Haiti’s last elected senators have officially left office, raising fears for the future of democracy in an impoverished, crime-ravaged state that has not managed to hold a vote since 2016.
With not a single elected official left on the national stage as of Tuesday, and gangs running amok across the country, Haiti’s very future looked uncertain 18 months after its last president was assassinated.
It has been a gradual process: The legislative branch effectively ceased to function in January 2020, when all lower house deputies and two-thirds of the Haitian National Assembly’s upper chamber left their posts without successors to replace them.
Photo: Reuters
“You can barely call it a democracy any more,” lawyer Samuel Madistin said. “And this comes at a time when the state is losing control of the majority of its territory, 60 percent of it, to armed gangs.”
For Madistin, Haiti “is a state which, in practical terms, no longer exists.”
The assassination of former Haitian president Jovenel Moise by an armed commando squad in his private residence in July 2021 only amplified the deep political crisis in which the country was already mired because of the paralysis of public institutions.
Currently, it is Haitian Prime Minister Ariel Henry who helms the country, but having been appointed rather than elected, just 48 hours before the president’s murder, his legitimacy is widely questioned.
Madistin believes the PHTK, the party once led by Moise, deliberately stalled on organizing elections in the country, out of self-interest.
However, he said: “The failure is also that of the international community and the United Nations, whose mission was to stabilize the country politically.”
After 13 years of the UN Minustah mission, which deployed up to 9,000 peacekeepers and more than 4,000 international police officers from 2004 to 2017, the UN has scaled down its presence in Haiti.
Reduced today to a political office of about 60 staff, the world body has nevertheless kept its mandate to “strengthen political stability and good governance.”
That nobody is able today to effectively govern Haiti to pass laws does not particularly move the country’s inhabitants, who are more immediately concerned by the twin threats of gang violence and extreme poverty.
“Citizens are not really interested in the problem of representation: Their priority is security,” said Gedeon Jean, director of the Center for Analysis and Research in Human Rights.
During last year, the civil society organization recorded at least 857 kidnappings committed by armed gangs.
More surprisingly, perhaps, the country’s spiral into lawlessness does not always top the agenda for politicians either.
One of the senators whose term ended on Monday, Patrice Dumont, used his leaving news conference to expand in detail on his accomplishments in parliament — and to denounce the waste of public money by his fellow lawmakers.

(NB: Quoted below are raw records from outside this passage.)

(* Let $n\ge1$ and let $\mathrm{adj}\colon K\dashv N$ be the adjunction between $\mathrm{s}^n\mathcal S$ and $\mathbf{Rel}^n\mathbf{Cat}$. (i) For every $X\in\mathrm{s}^n\mathcal S$, the $n$-relative category $KX$ is completely determined by the $2$-skeleton $\mathrm{sk}_2X$ of $X$; that is, the inclusion $\mathrm{sk}_2X\to X$ induces an isomorphism $K(\mathrm{sk}_2X)\to KX$. (ii) For every $\mathcal C\in\mathbf{Rel}^n\mathbf{Cat}$, $N\mathcal C$ is completely determined by its $2$-skeleton and is its own $2$-coskeleton: for every $Y\in\mathrm{s}^n\mathcal S$, restriction gives a bijection between maps $Y\to N\mathcal C$ and maps $\mathrm{sk}_2Y\to\mathrm{sk}_2N\mathcal C$.
   Context: An $n$-relative category $\mathcal C=(a\mathcal C,v_1\mathcal C,\dots,v_n\mathcal C,w\mathcal C)$ consists of a category $a\mathcal C$ and subcategories $v_1\mathcal C,\dots,v_n\mathcal C,w\mathcal C\subset a\mathcal C$, each containing all objects, with $w\mathcal C\subset v_i\mathcal C$, such that every map of $a\mathcal C$ is a finite composite of maps in the $v_i\mathcal C$, and every relation in $a\mathcal C$ follows from commutativity of squares $y_2x_1=x_2y_1$ with $x_1,x_2\in v_i\mathcal C$, $y_1,y_2\in v_j\mathcal C$. $\mathbf{Rel}^n\mathbf{Cat}$ is the category of small $n$-relative categories and functors of ambient categories preserving $w$ and each $v_i$. For $p\ge0$, $\mathbf p$ is the poset $0\to\cdots\to p$ and $|\mathbf p|$ its discrete subcategory; $\mathbf p_n^{v_n}\times\cdots\times\mathbf p_1^{v_1}\times\mathbf q^w$ is the $n$-relative category with ambient category $\mathbf p_n\times\cdots\times\mathbf p_1\times\mathbf q$, $w=|\mathbf p_n|\times\cdots\times|\mathbf p_1|\times\mathbf q$, $v_i=|\mathbf p_n|\times\cdots\times\mathbf p_i\times\cdots\times|\mathbf p_1|\times\mathbf q$. $\mathrm{s}^n\mathcal S$ is the category of $(n+1)$-simplicial sets with multisimplices indexed by $(p_n,\dots,p_1,q)$; $\Delta[p_n,\dots,p_1,q]$ is the standard (representable) multisimplex. $N\mathcal C$ has as $(p_n,\dots,p_1,q)$-simplices the relative functors $\mathbf p_n^{v_n}\times\cdots\times\mathbf p_1^{v_1}\times\mathbf q^w\to\mathcal C$, and $K$ is its left adjoint, the colimit-preserving functor with $K\Delta[p_n,\dots,p_1,q]=\mathbf p_n^{v_n}\times\cdots\times\mathbf p_1^{v_1}\times\mathbf q^w$. A multisimplex of degree $(p_n,\dots,p_1,q)$ has total dimension $p_n+\cdots+p_1+q$; the $2$-skeleton $\mathrm{sk}_2X$ of $X$ is the smallest subobject of $X$ containing all multisimplices of total dimension $\le2$. *)

theory Defs
  imports Main
begin

record ('o, 'a) cat =
  Ob   :: "'o set"
  Ar   :: "'a set"
  Dom  :: "'a \<Rightarrow> 'o"
  Cod  :: "'a \<Rightarrow> 'o"
  Idn  :: "'o \<Rightarrow> 'a"
  Comp :: "'a \<Rightarrow> 'a \<Rightarrow> 'a"   (* Comp g f = g o f *)

definition is_cat :: "('o, 'a) cat \<Rightarrow> bool" where
  "is_cat C \<longleftrightarrow>
     (\<forall>a\<in>Ob C. Idn C a \<in> Ar C \<and> Dom C (Idn C a) = a \<and> Cod C (Idn C a) = a) \<and>
     (\<forall>f\<in>Ar C. Dom C f \<in> Ob C \<and> Cod C f \<in> Ob C) \<and>
     (\<forall>f\<in>Ar C. \<forall>g\<in>Ar C. Cod C f = Dom C g \<longrightarrow>
        Comp C g f \<in> Ar C \<and> Dom C (Comp C g f) = Dom C f \<and> Cod C (Comp C g f) = Cod C g) \<and>
     (\<forall>f\<in>Ar C. Comp C f (Idn C (Dom C f)) = f \<and> Comp C (Idn C (Cod C f)) f = f) \<and>
     (\<forall>f\<in>Ar C. \<forall>g\<in>Ar C. \<forall>h\<in>Ar C. Cod C f = Dom C g \<longrightarrow> Cod C g = Dom C h \<longrightarrow>
        Comp C h (Comp C g f) = Comp C (Comp C h g) f)"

That lack of interest in politics has grown over the years as the list of scandals involving ministers, deputies or senators has grown ever longer — without Haiti’s justice system taking any action.
Scarcely more than 20 percent of voters bothered to cast a ballot in the last polls the country managed to hold in late 2016.
“Parliament has become a high place for corruption: People cast votes in exchange for money, for management positions,” Jean said.
“We had corrupt people in parliament, drug traffickers, people who were used for money laundering,” he added.
The latest legislature had fallen into disrepute even before its members began serving their term.
In January 2017, four days before he was due to be sworn in as senator, which would have granted him immunity, Guy Philippe, a former senior police officer and Moise ally, was arrested in Port-au-Prince.
Extradited the same day to Florida, he pleaded guilty and was later sentenced to nine years in prison for laundering money from drug trafficking.
In November last year, several businessmen and politicians, including the outgoing Senate president Joseph Lambert, were sanctioned by the US and Canada, which accused them of ties to drug trafficking and organized crime.
“We need to think about injecting some morality into political life and cleaning up the electoral system to prevent people from holding the next elections hostage with dirty money,” Jean said.